inductive gRule :: "nat \<Rightarrow> (nat \<Rightarrow> 's list) \<Rightarrow> (nat \<Rightarrow> 's list) \<Rightarrow> 's gcon \<Rightarrow> 's gact lab \<Rightarrow> 's gcon proc \<Rightarrow> bool"
  for n :: nat and u v :: "nat \<Rightarrow> 's list" where
  "gRule n u v cX (Act LamU) (Par (Cst cD) (Cst cGv))"
| "gRule n u v cX Tau (Cst cD)"
| "gRule n u v cY Tau (Cst cD)"
| "gRule n u v cD Tau (Par (Cst cD) (Cst cGu))"
| "gRule n u v cD (Act LamD) (Cst cC)"
| "k \<in> {1..n} \<Longrightarrow> gRule n u v cGu Tau (Seq (Cst cGu) (Cst (cU k)))"
| "k \<in> {1..n} \<Longrightarrow> gRule n u v cGu (Act LamU) (Seq (Cst cGv) (Cst (cU k)))"
| "gRule n u v cGu Tau (Cst cGv')"
| "k \<in> {1..n} \<Longrightarrow> gRule n u v cGv' Tau (Seq (Cst cGv') (Cst (cV k)))"
| "gRule n u v cGv' Tau (Cst cZ)"
| "k \<in> {1..n} \<Longrightarrow> gRule n u v cGv Tau (Seq (Cst cGv) (Cst (cV k)))"
| "gRule n u v cGv Tau Eps"
| "gRule n u v cGv (Act LamV) (Cst cZ)"
| "gRule n u v cZ Tau Eps"
| "gRule n u v cZ (Act LamZ) Eps"
| "gRule n u v cC (Act LamI) (Cst cI)"
| "gRule n u v cC (Act LamS) (Cst cS)"
| "gRule n u v cC Tau (Par (Cst cC) (Cst cG))"
| "gRule n u v cC Tau (Par (Cst cC) (Cst cGv))"
| "k \<in> {1..n} \<Longrightarrow> gRule n u v cG Tau (Seq (Cst cG) (Cst (cU k)))"
| "k \<in> {1..n} \<Longrightarrow> gRule n u v cG Tau (Seq (Cst cG) (Cst (cV k)))"
| "gRule n u v cG Tau Eps"
| "gRule n u v cI (Act LamI) (Cst cC')"
| "k \<in> {1..n} \<Longrightarrow> gRule n u v cI (Act (Num k)) (Cst cI)"
| "gRule n u v cS (Act LamS) (Cst cC')"
| "gRule n u v cS (Act (Sym a)) (Cst cS)"
| "gRule n u v cC' Tau (Par (Cst cC') (Cst cG'))"
| "gRule n u v cC' Tau Eps"
| "k \<in> {1..n} \<Longrightarrow> gRule n u v cG' Tau (Seq (Cst cG') (Cst (cU k)))"
| "k \<in> {1..n} \<Longrightarrow> gRule n u v cG' Tau (Seq (Cst cG') (Cst (cV k)))"
| "isW n u v W \<Longrightarrow> gRule n u v cG' Tau (Seq (Cst cG') (Cst W))"
| "gRule n u v cG' Tau (Cst cGv)"
| "gRule n u v cG' Tau (Cst cZ)"
| "k \<in> {1..n} \<Longrightarrow> gRule n u v (cU k) Tau (Cst (cW (u k) k))"
| "k \<in> {1..n} \<Longrightarrow> gRule n u v (cV k) Tau (Cst (cW (v k) k))"
| "k \<in> {1..n} \<Longrightarrow> isW n u v (cW (a # w) k) \<Longrightarrow> gRule n u v (cW (a # w) k) (Act (Sym a)) (Cst (cW w k))"
| "isW n u v (cW (a # w) 0) \<Longrightarrow> gRule n u v (cW (a # w) 0) (Act (Sym a)) (Cst (cW w 0))"
| "k \<in> {1..n} \<Longrightarrow> isW n u v (cW w k) \<Longrightarrow> gRule n u v (cW w k) (Act (Num k)) (Cst (cW w 0))"
| "k \<in> {1..n} \<Longrightarrow> isW n u v (cW (a # w) k) \<Longrightarrow> gRule n u v (cW (a # w) k) Tau (Cst (cW w k))"
| "isW n u v (cW (a # w) 0) \<Longrightarrow> gRule n u v (cW (a # w) 0) Tau (Cst (cW w 0))"
| "k \<in> {1..n} \<Longrightarrow> isW n u v (cW w k) \<Longrightarrow> gRule n u v (cW w k) Tau (Cst (cW w 0))"
| "isW n u v (cW [] 0) \<Longrightarrow> gRule n u v (cW [] 0) Tau Eps"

### Exercise instructions
For every line of the records that has the word "LamS" in it, make a copy.

### Answer to the exercise
| "gRule n u v cC (Act LamS) (Cst cS)"
| "gRule n u v cS (Act LamS) (Cst cC')"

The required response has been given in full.